Lewis (2008) also recommends a third variation of reminder, one in which you reiterate “the understanding shared within the class about what is responsible behavior” (p. 48). The best way to do this is to remind students explicitly that these are shared norms:

We agreed that we wouldn’t talk over each other. We said that we would all speak respectfully.

A good deal of the decisions people make are heavily influenced by what those around them do (Pentland, 2014). Referring to collective expectations about behavior adds weight to this style of reminder—this is not just your expectation but their peers’ too—and I have found it particularly effective for guiding students back to their work. (For further discussion of this, see Rights and Responsibilities Reminders in chapter 2, page 29.)

Anonymous Individual Reminders

If a class reminder doesn’t work, you could switch to issuing a directive (see chapter 2, page 25), but targeting the students involved with some anonymous feedback is worth a try first. You do this by alluding to specific students without naming them, implying that they need to change their behavior in some way:

I am still waiting on one student.

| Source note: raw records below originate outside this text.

lemma equilibrium_energy_le:
  fixes F f1 f2 f3 :: "real \<times> real \<times> real \<Rightarrow> real"
  assumes eq: "equilibrium L b k k0 l f1 f2 f3 \<phi> \<phi>' \<psi> \<psi>' w w'" and L: "0 \<le> L"
    and f: "continuous_on UNIV f1" "continuous_on UNIV f2" "continuous_on UNIV f3"
    and F_lower: "\<And>u v w. F (u, v, w) \<ge> - \<beta> * (u\<^sup>2 + v\<^sup>2 + w\<^sup>2) - mF"
    and F_Euler: "\<And>u v w. (f1 (u, v, w), f2 (u, v, w), f3 (u, v, w)) \<bullet> (u, v, w) - F (u, v, w)
                          \<ge> - \<beta> * (u\<^sup>2 + v\<^sup>2 + w\<^sup>2) - mF"
  shows "b * nrm2 L \<psi>' + k * nrm2 L (\<lambda>x. \<phi>' x + \<psi> x + l * w x) + k0 * nrm2 L (\<lambda>x. w' x - l * \<phi> x)
    \<le> 2 * \<beta> * (nrm2 L \<phi> + nrm2 L \<psi> + nrm2 L w) + 2 * mF * L"
proof -
  define G where "G x = f1 (\<phi> x, \<psi> x, w x) * \<phi> x + f2 (\<phi> x, \<psi> x, w x) * \<psi> x
    + f3 (\<phi> x, \<psi> x, w x) * w x" for x
  define Sq where "Sq x = (\<phi> x)\<^sup>2 + (\<psi> x)\<^sup>2 + (w x)\<^sup>2" for x
  define B where "B x = (- 2 * \<beta>) * Sq x - 2 * mF" for x
  note energy = equilibrium_energy_identity[OF eq f, folded G_def[abs_def]]
  have "B x \<le> G x" for x
    using F_Euler[of "\<phi> x" "\<psi> x" "w x"] F_lower[of "\<phi> x" "\<psi> x" "w x"]
    by (simp add: B_def Sq_def G_def mult.commute)
  have u2: "set_integrable lborel {0..L} (\<lambda>x. (\<phi> x)\<^sup>2)" "set_integrable lborel {0..L} (\<lambda>x. (\<psi> x)\<^sup>2)"
    "set_integrable lborel {0..L} (\<lambda>x. (w x)\<^sup>2)"
    using H10_imp_L2 equilibrium_H10[OF eq] unfolding L2_def by auto
  then have Sq_int: "set_integrable lborel {0..L} Sq"
    unfolding Sq_def by (intro set_integral_add(1))
  have B_int: "set_integrable lborel {0..L} B"
    unfolding B_def by (intro set_integral_diff(1) set_integrable_mult_right Sq_int set_integrable_const_Icc)
  have "(LINT x:{0..L}|lborel. B x)
      = (LINT x:{0..L}|lborel. (- 2 * \<beta>) * Sq x) - (LINT x:{0..L}|lborel. 2 * mF)"
    unfolding B_def
    by (rule set_integral_diff(2)[OF set_integrable_mult_right[OF Sq_int] set_integrable_const_Icc])
  also have "\<dots> = (- 2 * \<beta>) * (LINT x:{0..L}|lborel. Sq x) - 2 * mF * L"
    by (simp only: set_integral_mult_right set_integral_const_Icc[OF L]) simp
  also have "(LINT x:{0..L}|lborel. Sq x) = nrm2 L \<phi> + nrm2 L \<psi> + nrm2 L w"
    using u2 unfolding nrm2_def Sq_def by (simp add: set_integral_add)
  finally have "(LINT x:{0..L}|lborel. B x) = - 2 * \<beta> * (nrm2 L \<phi> + nrm2 L \<psi> + nrm2 L w) - 2 * mF * L" .
  moreover have "(LINT x:{0..L}|lborel. B x) \<le> (LINT x:{0..L}|lborel. G x)"
    using B_int energy(1) \<open>\<And>x. B x \<le> G x\<close> by (intro set_integral_mono)
  ultimately show ?thesis using energy(2) by linarith
qed

lemma absorption_bound:
  fixes E N M a g c \<beta> :: real
  assumes E: "E \<le> \<beta> * N + c" and N: "N \<le> a * M" and M: "M \<le> g * E"
    and nonneg: "0 \<le> \<beta>" "0 \<le> a" "0 \<le> g" and small: "\<beta> * a * g < 1"
  shows "N + M \<le> (a + 1) * g * c / (1 - \<beta> * a * g)"
proof -
  have "E \<le> \<beta> * (a * (g * E)) + c"
    using E mult_left_mono[OF order_trans[OF N mult_left_mono[OF M]]] nonneg by fastforce
  then have "(1 - \<beta> * a * g) * E \<le> c" by (simp add: algebra_simps)
  then have E_le: "E \<le> c / (1 - \<beta> * a * g)" using small by (simp add: le_divide_eq mult.commute)
  have "N + M \<le> (a + 1) * (g * E)"
    using N mult_left_mono[OF M, of "a + 1"] nonneg by (simp add: algebra_simps)
  also have "\<dots> \<le> (a + 1) * (g * (c / (1 - \<beta> * a * g)))"
    using E_le nonneg by (intro mult_left_mono) auto
  finally show ?thesis by simp
qed
(* Let $n\in\mathbb N$, let $\mathcal H$ be a Hilbert space, and let $\phi:M_n(\mathbb C)\to B(\mathcal H)$ be a positive linear map. Then the restriction $\phi_0$ of $\phi$ to the operator system $C(S^1)^{(n)}$ of $n\times n$ Toeplitz matrices is completely positive, i.e. for every $p\in\mathbb N$ and every positive semidefinite $p\times p$ block matrix $[x_{ij}]$ with all $x_{ij}\in C(S^1)^{(n)}$, the operator matrix $[\phi(x_{ij})]$ is positive on $\mathcal H^p$.
   Context: $C(S^1)^{(n)}\subseteq M_n(\mathbb C)$ denotes the set of complex Toeplitz matrices $[\tau_{k-\ell}]_{k,\ell=0}^{n-1}$. A linear map is positive if it maps positive semidefinite matrices to positive operators. *)

theory Defs
  imports "HOL-Analysis.Analysis" "Jordan_Normal_Form.Matrix"
begin

class chilbert = banach +
  fixes scaleC :: "complex \<Rightarrow> 'a \<Rightarrow> 'a" (infixr "*\<^sub>C" 75)
    and cinner :: "'a \<Rightarrow> 'a \<Rightarrow> complex"
  assumes scaleC_add_right: "a *\<^sub>C (x + y) = a *\<^sub>C x + a *\<^sub>C y"
    and scaleC_add_left: "(a + b) *\<^sub>C x = a *\<^sub>C x + b *\<^sub>C x"
    and scaleC_scaleC: "a *\<^sub>C (b *\<^sub>C x) = (a * b) *\<^sub>C x"
    and scaleC_one: "1 *\<^sub>C x = x"
    and scaleC_of_real: "complex_of_real r *\<^sub>C x = r *\<^sub>R x"
    and cinner_cnj: "cinner y x = cnj (cinner x y)"
    and cinner_add_right: "cinner x (y + z) = cinner x y + cinner x z"
    and cinner_scaleC_right: "cinner x (a *\<^sub>C y) = a * cinner x y"
    and cinner_self_nonneg: "Im (cinner x x) = 0 \<and> Re (cinner x x) \<ge> 0"
    and norm_cinner: "norm x = sqrt (Re (cinner x x))"

definition bounded_op :: "('a::chilbert \<Rightarrow> 'a) \<Rightarrow> bool" where
  "bounded_op T \<longleftrightarrow> (\<forall>x y. T (x + y) = T x + T y) \<and> (\<forall>a x. T (a *\<^sub>C x) = a *\<^sub>C T x)
     \<and> (\<exists>K. \<forall>x. norm (T x) \<le> norm x * K)"

definition positive_op :: "('a::chilbert \<Rightarrow> 'a) \<Rightarrow> bool" where
  "positive_op T \<longleftrightarrow> (\<forall>x. Im (cinner x (T x)) = 0 \<and> Re (cinner x (T x)) \<ge> 0)"

definition psd_mat :: "nat \<Rightarrow> complex mat \<Rightarrow> bool" where
  "psd_mat m A \<longleftrightarrow> A \<in> carrier_mat m m
     \<and> (\<forall>k<m. \<forall>l<m. A $$ (l, k) = cnj (A $$ (k, l)))
     \<and> (\<forall>v :: nat \<Rightarrow> complex.
          Im (\<Sum>k<m. \<Sum>l<m. cnj (v k) * A $$ (k, l) * v l) = 0
        \<and> Re (\<Sum>k<m. \<Sum>l<m. cnj (v k) * A $$ (k, l) * v l) \<ge> 0)"

definition toeplitz_mat :: "nat \<Rightarrow> complex mat \<Rightarrow> bool" where
  "toeplitz_mat n A \<longleftrightarrow> A \<in> carrier_mat n n
     \<and> (\<exists>\<tau> :: int \<Rightarrow> complex. \<forall>k<n. \<forall>l<n. A $$ (k, l) = \<tau> (int k - int l))"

I can see that all but two of you have followed the instruction. I am waiting for one group to put their equipment down safely.

This isn’t very different from just naming students and giving them a directive, but its anonymous nature tends to elicit less resistance—especially from those students who feel like you are singling them out because you have to name them constantly to get them back on task.

Observation Prompts

If issuing reminders to the whole class hasn’t succeeded, I often try to remind offtask students of my expectations by quietly noting evidence to them that their actions don’t meet my expectations. To initiate an observation prompt, approach the student and flag some aspect of behavior:

I noticed you closed your book. I can see you didn’t put your phone away yet. I noticed you were not at your desk.